= Arthur James (judge) =

British judge

Sir Arthur Evan James, PC, DL (18 May 1916 - 13 May 1976) was a British judge and was a member of the Court of Appeal from 1973 to his death.

==Early life==
James was educated at Caterham School and then at Jesus College, Oxford where he obtained a double first in law followed, in 1939, by a BCL. He joined Middle Temple and was called to the bar in 1939. He married in 1939 and had four children. He joined the army as a private in the Pioneer Corps before being commissioned in the Royal Corps of Signals.

==Judicial career==
He was appointed QC in 1960, Recorder of Grimsby (1961-1963) and Recorder of Derby (1963-1965). He received considerable public attention in 1963 when he appeared for the prosecution in the Great Train Robbery trial.

In 1964, James was asked to chair the statutory inquiry into the circumstances surrounding the Metropolitan Police's Detective Sergeant Harold Challenor's being able to plant evidence and assault suspects. In 1965, he was appointed a High Court Judge, assigned to the Queen's Bench Division. He received the customary knighthood on his appointment. He was elected to an honorary fellowship of Jesus College in 1972. He was promoted to the Court of Appeal in 1973 and was sworn as a member of the Privy Council accordingly.

He had a reputation as a hard-working judge. When he was a member of the Court of Appeal, it was once said (albeit with some exaggeration) that James made more decisions on criminal cases than the rest of his fellow judges put together, when taking into account decisions made without open court hearings.

He was a member of the Parole Board from its foundation in 1967 to 1970 (serving as deputy-chairman in 1970). He chaired the 1971 Tribunal of Enquiry into the failure of the Vehicle and General Insurance Company.
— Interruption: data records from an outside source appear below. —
lemma alt_coeff_staircase_minus_Min:
  assumes artin: "\<forall>b\<in>Poly_Mapping.keys q. artin_monomial n b"
    and a: "a = Min (Poly_Mapping.keys q)" "Poly_Mapping.keys q \<noteq> {}"
  shows "alt_coeff n (Poly_Mapping.single (staircase n id - a) 1 * q) = Poly_Mapping.lookup q a"
proof -
  let ?c = "staircase n id - a"
  have "a \<in> Poly_Mapping.keys q"
    using a by simp
  have "Poly_Mapping.single ?c 1 * q =
      (\<Sum>b\<in>Poly_Mapping.keys q. Poly_Mapping.single (?c + b) (Poly_Mapping.lookup q b))"
    by (subst poly_mapping_sum_single_keys[of q]) (simp add: sum_distrib_left mult_single)
  then have "alt_coeff n (Poly_Mapping.single ?c 1 * q) =
      (\<Sum>b\<in>Poly_Mapping.keys q. alt_coeff n (Poly_Mapping.single (?c + b) (Poly_Mapping.lookup q b)))"
    by (simp add: alt_coeff_sum)
  also have "\<dots> = (\<Sum>b\<in>Poly_Mapping.keys q. if b = a then Poly_Mapping.lookup q a else 0)"
  proof (rule sum.cong)
    fix b
    assume b: "b \<in> Poly_Mapping.keys q"
    show "alt_coeff n (Poly_Mapping.single (?c + b) (Poly_Mapping.lookup q b))
        = (if b = a then Poly_Mapping.lookup q a else 0)"
    proof (cases "b = a")
      case True
      then show ?thesis
        using staircase_minus_add artin \<open>a \<in> Poly_Mapping.keys q\<close>
        by (simp add: alt_coeff_single_staircase_id)
    next
      case False
      then have "a < b"
        using a b by (simp add: order.not_eq_order_implies_strict)
      have "alt_coeff n (Poly_Mapping.single (?c + b) (Poly_Mapping.lookup q b)) = 0"
        unfolding alt_coeff_single
        using staircase_minus_add_neq[OF _ _ \<open>a < b\<close>] artin b \<open>a \<in> Poly_Mapping.keys q\<close>
        by (intro sum.neutral ballI) simp
      with False show ?thesis
        by simp
    qed
  qed simp
  also have "\<dots> = Poly_Mapping.lookup q a"
    using \<open>a \<in> Poly_Mapping.keys q\<close> by simp
  finally show ?thesis .
qed
definition restrict_fn :: "((nat \<Rightarrow> bool) \<Rightarrow> nat \<Rightarrow> bool) \<Rightarrow> nat set \<Rightarrow> (nat \<Rightarrow> bool) \<Rightarrow> (nat \<Rightarrow> bool) \<Rightarrow> nat \<Rightarrow> bool" where
  "restrict_fn f S \<rho> = (\<lambda>z. f (\<lambda>j. if j \<in> S then \<rho> j else z j))"

definition err :: "real \<Rightarrow> nat \<Rightarrow> real" where
  "err \<gamma> t = (INF k::int. \<bar>\<gamma> - real_of_int k / 2 ^ t\<bar>)"

end

theory Submission
  imports Defs
begin

text \<open>Let \<open>E i = I_f(i)\<close> and suppose all \<open>|E i| \<le> j\<close>. Take a maximal family \<open>M\<close> of output
  bits with pairwise disjoint dependency sets. If \<open>|M| \<ge> q^j n\<close> we are done. Otherwise delete
  the fewer than \<open>j q \<cdot> q^(j-1) n\<close> input bits of \<open>\<Union>k\<in>M. E k\<close>: by maximality every nonempty
  \<open>E i\<close> meets this set, so every dependency set loses an element and we recurse with \<open>j - 1\<close>.
  When \<open>j = 0\<close> all dependency sets are empty, so the recursion stops with a disjoint family
  \<open>I\<close> of size \<open>|I| \<ge> q^d n\<close>, and each round deleted at most \<open>d q |I|\<close> bits. Hence
  \<open>|S| \<le> d\<^sup>2 q |I|\<close>, and \<open>q = err(\<gamma>,d)\<^sup>2 / (4 d\<^sup>2)\<close> gives both bounds.\<close>

lemma maximal_disjoint_subfamily:
  fixes E :: "'i \<Rightarrow> 'a set"
  assumes "finite N"
  obtains M where "M \<subseteq> N" "pairwise (\<lambda>i k. E i \<inter> E k = {}) M"
    "\<And>i. i \<in> N \<Longrightarrow> E i \<noteq> {} \<Longrightarrow> E i \<inter> (\<Union>k\<in>M. E k) \<noteq> {}"
proof -
  let ?F = "{M. M \<subseteq> N \<and> pairwise (\<lambda>i k. E i \<inter> E k = {}) M}"
  have "finite ?F" using assms by simp
  moreover have "{} \<in> ?F" by simp
  ultimately obtain M where M: "M \<in> ?F" and max: "\<forall>M'\<in>?F. M \<subseteq> M' \<longrightarrow> M = M'"
    using finite_has_maximal[of ?F] by blast
  have "E i \<inter> (\<Union>k\<in>M. E k) \<noteq> {}" if "i \<in> N" "E i \<noteq> {}" for i
  proof
    assume disj: "E i \<inter> (\<Union>k\<in>M. E k) = {}"
    with \<open>E i \<noteq> {}\<close> have "i \<notin> M" by blast
    with disj M \<open>i \<in> N\<close> have "insert i M \<in> ?F" by (auto simp: pairwise_insert)
    with max have "M = insert i M" by blast
    with \<open>i \<notin> M\<close> show False by blast
  qed
  with M that show thesis by blast
qed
He later led the committee considering the distribution of work between the Crown Court and the magistrates' courts, which reported in 1976.

He was appointed deputy lieutenant for the County of Warwickshire in 1967, and was a trustee of the Barber Institute of Fine Arts from 1974 until his death.

He always considered himself to be a Birmingham man and continued to live there despite his judicial appointments in various locations.